Records for the exercise
# # #

(* Assume all struts are straight, and let $n\ge1$, $k\ge0$ be integers with $k\ge n-1$. If $\psi\in M_n$ satisfies $b(\Sigma,\psi)=0$ for all $\Sigma\in V_k$, then $\psi=0$; i.e. $\operatorname{Ker}B_h^T=\{0\}$.
   Context: Network: a stent is modelled by a finite connected graph with vertices $j=1,\dots,n_{\mathcal V}$ and oriented edges $i=1,\dots,n_{\mathcal E}$. $J_j^-$ ($J_j^+$) is the set of edges leaving (entering) vertex $j$. Edge $i$ is a straight segment of length $\ell^i>0$, parametrized as $\Phi^i(s)=\Phi^i(0)+s\,t^i$, $s\in[0,\ell^i]$, with constant unit tangent $t^i$; $s=0$ at the vertex it leaves, $s=\ell^i$ at the vertex it enters. Matrices: $A^+_{I}\in\mathbb{R}^{3n_{\mathcal V}\times 3n_{\mathcal E}}$ has $3\times3$ block $I_3$ in block row $j$, block column $i$ if $i\in J_j^+$ and $0$ otherwise; $A^-_I$ likewise with $J_j^-$. Notation: $P_m(\mathcal N)$ denotes functions that on each edge $[0,\ell^i]$ are real polynomials of degree at most $m$ (no continuity at vertices); $\int_{\mathcal N}v=\sum_i\int_0^{\ell^i}v^i\,ds$. $V_k=P_k(\mathcal N)^3\times P_k(\mathcal N)^3\times(\mathbb{R}^{3n_{\mathcal E}})^4\times\mathbb{R}^3\times\mathbb{R}^3$ with elements $\Sigma=(q,p,P_+,P_-,Q_+,Q_-,\alpha,\beta)$, $M_n=P_n(\mathcal N)^3\times P_n(\mathcal N)^3\times\mathbb{R}^{3n_{\mathcal V}}\times\mathbb{R}^{3n_{\mathcal V}}$ with elements $\psi=(v,w,V,W)$. $b(\Sigma,\psi)=\sum_i\int_0^{\ell^i}\big(-p^i\cdot(\partial_sv^i+t^i\times w^i)-q^i\cdot\partial_sw^i\big)ds+\sum_i\big(P^i_+\cdot v^i(\ell^i)-P^i_-\cdot v^i(0)\big)+\sum_i\big(Q^i_+\cdot w^i(\ell^i)-Q^i_-\cdot w^i(0)\big)-(A^+_IP_+-A^-_IP_-)\cdot V-(A^+_IQ_+-A^-_IQ_-)\cdot W+\alpha\cdot\int_{\mathcal N}v+\beta\cdot\int_{\mathcal N}w$. *)

theory Defs
  imports "HOL-Analysis.Analysis" "HOL-Analysis.Cross3" "HOL-Computational_Algebra.Polynomial"
begin

(* Vertices are 1..nV, edges are 1..nE.
   Edge i leaves vertex src i and enters vertex tgt i, has length len i and
   constant unit tangent tang i; pos j is the position of vertex j. *)
record network =
  nV :: nat
  nE :: nat
  src :: "nat \<Rightarrow> nat"
  tgt :: "nat \<Rightarrow> nat"
  len :: "nat \<Rightarrow> real"
  tang :: "nat \<Rightarrow> real^3"
  pos :: "nat \<Rightarrow> real^3"

definition edges :: "network \<Rightarrow> nat set" where "edges N = {1..nE N}"
definition verts :: "network \<Rightarrow> nat set" where "verts N = {1..nV N}"

definition adj :: "network \<Rightarrow> (nat \<times> nat) set" where
  "adj N = {(src N i, tgt N i) | i. i \<in> edges N} \<union> {(tgt N i, src N i) | i. i \<in> edges N}"

definition connected_network :: "network \<Rightarrow> bool" where
  "connected_network N \<longleftrightarrow> (\<forall>a\<in>verts N. \<forall>b\<in>verts N. (a, b) \<in> (adj N)\<^sup>*)"

definition straight_network :: "network \<Rightarrow> bool" where
  "straight_network N \<longleftrightarrow>
     nV N \<ge> 1 \<and> nE N \<ge> 1 \<and> connected_network N \<and>
     (\<forall>i\<in>edges N. src N i \<in> verts N \<and> tgt N i \<in> verts N \<and> len N i > 0 \<and>
        norm (tang N i) = 1 \<and> pos N (tgt N i) = pos N (src N i) + len N i *\<^sub>R tang N i)"

(* edgewise R^3-valued polynomial functions, represented componentwise:
   v i j is the j-th component polynomial on edge i *)
type_synonym pfun = "nat \<Rightarrow> 3 \<Rightarrow> real poly"

definition ev :: "(3 \<Rightarrow> real poly) \<Rightarrow> real \<Rightarrow> real^3" where
  "ev p s = (\<chi> j. poly (p j) s)"

definition dv :: "(3 \<Rightarrow> real poly) \<Rightarrow> 3 \<Rightarrow> real poly" where
  "dv p = (\<lambda>j. pderiv (p j))"

definition inP :: "network \<Rightarrow> nat \<Rightarrow> pfun \<Rightarrow> bool" where
  "inP N m v \<longleftrightarrow> (\<forall>i\<in>edges N. \<forall>j. degree (v i j) \<le> m)"

definition netint :: "network \<Rightarrow> pfun \<Rightarrow> real^3" where
  "netint N v = (\<Sum>i\<in>edges N. integral {0..len N i} (ev (v i)))"

definition Aplus :: "network \<Rightarrow> (nat \<Rightarrow> real^3) \<Rightarrow> nat \<Rightarrow> real^3" where
  "Aplus N P j = (\<Sum>i\<in>{i\<in>edges N. tgt N i = j}. P i)"
definition Aminus :: "network \<Rightarrow> (nat \<Rightarrow> real^3) \<Rightarrow> nat \<Rightarrow> real^3" where
  "Aminus N P j = (\<Sum>i\<in>{i\<in>edges N. src N i = j}. P i)"

(* the bilinear form b(Sigma, psi), Sigma = (q,p,P+,P-,Q+,Q-,alpha,beta), psi = (v,w,V,W) *)
definition bform :: "network \<Rightarrow> pfun \<Rightarrow> pfun \<Rightarrow> (nat \<Rightarrow> real^3) \<Rightarrow> (nat \<Rightarrow> real^3)
    \<Rightarrow> (nat \<Rightarrow> real^3) \<Rightarrow> (nat \<Rightarrow> real^3) \<Rightarrow> real^3 \<Rightarrow> real^3
    \<Rightarrow> pfun \<Rightarrow> pfun \<Rightarrow> (nat \<Rightarrow> real^3) \<Rightarrow> (nat \<Rightarrow> real^3) \<Rightarrow> real" where
  "bform N q p Pp Pm Qp Qm \<alpha> \<beta> v w V W =
     (\<Sum>i\<in>edges N. integral {0..len N i}
        (\<lambda>s. - (ev (p i) s \<bullet> (ev (dv (v i)) s + cross3 (tang N i) (ev (w i) s)))
             - ev (q i) s \<bullet> ev (dv (w i)) s))
   + (\<Sum>i\<in>edges N. Pp i \<bullet> ev (v i) (len N i) - Pm i \<bullet> ev (v i) 0)
   + (\<Sum>i\<in>edges N. Qp i \<bullet> ev (w i) (len N i) - Qm i \<bullet> ev (w i) 0)
   - (\<Sum>j\<in>verts N. (Aplus N Pp j - Aminus N Pm j) \<bullet> V j)
   - (\<Sum>j\<in>verts N. (Aplus N Qp j - Aminus N Qm j) \<bullet> W j)
   + \<alpha> \<bullet> netint N v + \<beta> \<bullet> netint N w"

# # #

Assigned task
All of the material above should be reproduced exactly.

Response
(* Assume all struts are straight, and let $n\ge1$, $k\ge0$ be integers with $k\ge n-1$. If $\psi\in M_n$ satisfies $b(\Sigma,\psi)=0$ for all $\Sigma\in V_k$, then $\psi=0$; i.e. $\operatorname{Ker}B_h^T=\{0\}$.
   Context: Network: a stent is modelled by a finite connected graph with vertices $j=1,\dots,n_{\mathcal V}$ and oriented edges $i=1,\dots,n_{\mathcal E}$. $J_j^-$ ($J_j^+$) is the set of edges leaving (entering) vertex $j$. Edge $i$ is a straight segment of length $\ell^i>0$, parametrized as $\Phi^i(s)=\Phi^i(0)+s\,t^i$, $s\in[0,\ell^i]$, with constant unit tangent $t^i$; $s=0$ at the vertex it leaves, $s=\ell^i$ at the vertex it enters. Matrices: $A^+_{I}\in\mathbb{R}^{3n_{\mathcal V}\times 3n_{\mathcal E}}$ has $3\times3$ block $I_3$ in block row $j$, block column $i$ if $i\in J_j^+$ and $0$ otherwise; $A^-_I$ likewise with $J_j^-$. Notation: $P_m(\mathcal N)$ denotes functions that on each edge $[0,\ell^i]$ are real polynomials of degree at most $m$ (no continuity at vertices); $\int_{\mathcal N}v=\sum_i\int_0^{\ell^i}v^i\,ds$. $V_k=P_k(\mathcal N)^3\times P_k(\mathcal N)^3\times(\mathbb{R}^{3n_{\mathcal E}})^4\times\mathbb{R}^3\times\mathbb{R}^3$ with elements $\Sigma=(q,p,P_+,P_-,Q_+,Q_-,\alpha,\beta)$, $M_n=P_n(\mathcal N)^3\times P_n(\mathcal N)^3\times\mathbb{R}^{3n_{\mathcal V}}\times\mathbb{R}^{3n_{\mathcal V}}$ with elements $\psi=(v,w,V,W)$. $b(\Sigma,\psi)=\sum_i\int_0^{\ell^i}\big(-p^i\cdot(\partial_sv^i+t^i\times w^i)-q^i\cdot\partial_sw^i\big)ds+\sum_i\big(P^i_+\cdot v^i(\ell^i)-P^i_-\cdot v^i(0)\big)+\sum_i\big(Q^i_+\cdot w^i(\ell^i)-Q^i_-\cdot w^i(0)\big)-(A^+_IP_+-A^-_IP_-)\cdot V-(A^+_IQ_+-A^-_IQ_-)\cdot W+\alpha\cdot\int_{\mathcal N}v+\beta\cdot\int_{\mathcal N}w$. *)

theory Defs
  imports "HOL-Analysis.Analysis" "HOL-Analysis.Cross3" "HOL-Computational_Algebra.Polynomial"
begin

(* Vertices are 1..nV, edges are 1..nE.
   Edge i leaves vertex src i and enters vertex tgt i, has length len i and
   constant unit tangent tang i; pos j is the position of vertex j. *)
record network =
  nV :: nat
  nE :: nat
  src :: "nat \<Rightarrow> nat"
  tgt :: "nat \<Rightarrow> nat"
  len :: "nat \<Rightarrow> real"
  tang :: "nat \<Rightarrow> real^3"
  pos :: "nat \<Rightarrow> real^3"

definition edges :: "network \<Rightarrow> nat set" where "edges N = {1..nE N}"
definition verts :: "network \<Rightarrow> nat set" where "verts N = {1..nV N}"

definition adj :: "network \<Rightarrow> (nat \<times> nat) set" where
  "adj N = {(src N i, tgt N i) | i. i \<in> edges N} \<union> {(tgt N i, src N i) | i. i \<in> edges N}"

definition connected_network :: "network \<Rightarrow> bool" where
  "connected_network N \<longleftrightarrow> (\<forall>a\<in>verts N. \<forall>b\<in>verts N. (a, b) \<in> (adj N)\<^sup>*)"

definition straight_network :: "network \<Rightarrow> bool" where
  "straight_network N \<longleftrightarrow>
     nV N \<ge> 1 \<and> nE N \<ge> 1 \<and> connected_network N \<and>
     (\<forall>i\<in>edges N. src N i \<in> verts N \<and> tgt N i \<in> verts N \<and> len N i > 0 \<and>
        norm (tang N i) = 1 \<and> pos N (tgt N i) = pos N (src N i) + len N i *\<^sub>R tang N i)"

(* edgewise R^3-valued polynomial functions, represented componentwise:
   v i j is the j-th component polynomial on edge i *)
type_synonym pfun = "nat \<Rightarrow> 3 \<Rightarrow> real poly"

definition ev :: "(3 \<Rightarrow> real poly) \<Rightarrow> real \<Rightarrow> real^3" where
  "ev p s = (\<chi> j. poly (p j) s)"

definition dv :: "(3 \<Rightarrow> real poly) \<Rightarrow> 3 \<Rightarrow> real poly" where
  "dv p = (\<lambda>j. pderiv (p j))"

definition inP :: "network \<Rightarrow> nat \<Rightarrow> pfun \<Rightarrow> bool" where
  "inP N m v \<longleftrightarrow> (\<forall>i\<in>edges N. \<forall>j. degree (v i j) \<le> m)"

definition netint :: "network \<Rightarrow> pfun \<Rightarrow> real^3" where
  "netint N v = (\<Sum>i\<in>edges N. integral {0..len N i} (ev (v i)))"

definition Aplus :: "network \<Rightarrow> (nat \<Rightarrow> real^3) \<Rightarrow> nat \<Rightarrow> real^3" where
  "Aplus N P j = (\<Sum>i\<in>{i\<in>edges N. tgt N i = j}. P i)"
definition Aminus :: "network \<Rightarrow> (nat \<Rightarrow> real^3) \<Rightarrow> nat \<Rightarrow> real^3" where
  "Aminus N P j = (\<Sum>i\<in>{i\<in>edges N. src N i = j}. P i)"

(* the bilinear form b(Sigma, psi), Sigma = (q,p,P+,P-,Q+,Q-,alpha,beta), psi = (v,w,V,W) *)
definition bform :: "network \<Rightarrow> pfun \<Rightarrow> pfun \<Rightarrow> (nat \<Rightarrow> real^3) \<Rightarrow> (nat \<Rightarrow> real^3)
    \<Rightarrow> (nat \<Rightarrow> real^3) \<Rightarrow> (nat \<Rightarrow> real^3) \<Rightarrow> real^3 \<Rightarrow> real^3
    \<Rightarrow> pfun \<Rightarrow> pfun \<Rightarrow> (nat \<Rightarrow> real^3) \<Rightarrow> (nat \<Rightarrow> real^3) \<Rightarrow> real" where
  "bform N q p Pp Pm Qp Qm \<alpha> \<beta> v w V W =
     (\<Sum>i\<in>edges N. integral {0..len N i}
        (\<lambda>s. - (ev (p i) s \<bullet> (ev (dv (v i)) s + cross3 (tang N i) (ev (w i) s)))
             - ev (q i) s \<bullet> ev (dv (w i)) s))
   + (\<Sum>i\<in>edges N. Pp i \<bullet> ev (v i) (len N i) - Pm i \<bullet> ev (v i) 0)
   + (\<Sum>i\<in>edges N. Qp i \<bullet> ev (w i) (len N i) - Qm i \<bullet> ev (w i) 0)
   - (\<Sum>j\<in>verts N. (Aplus N Pp j - Aminus N Pm j) \<bullet> V j)
   - (\<Sum>j\<in>verts N. (Aplus N Qp j - Aminus N Qm j) \<bullet> W j)
   + \<alpha> \<bullet> netint N v + \<beta> \<bullet> netint N w"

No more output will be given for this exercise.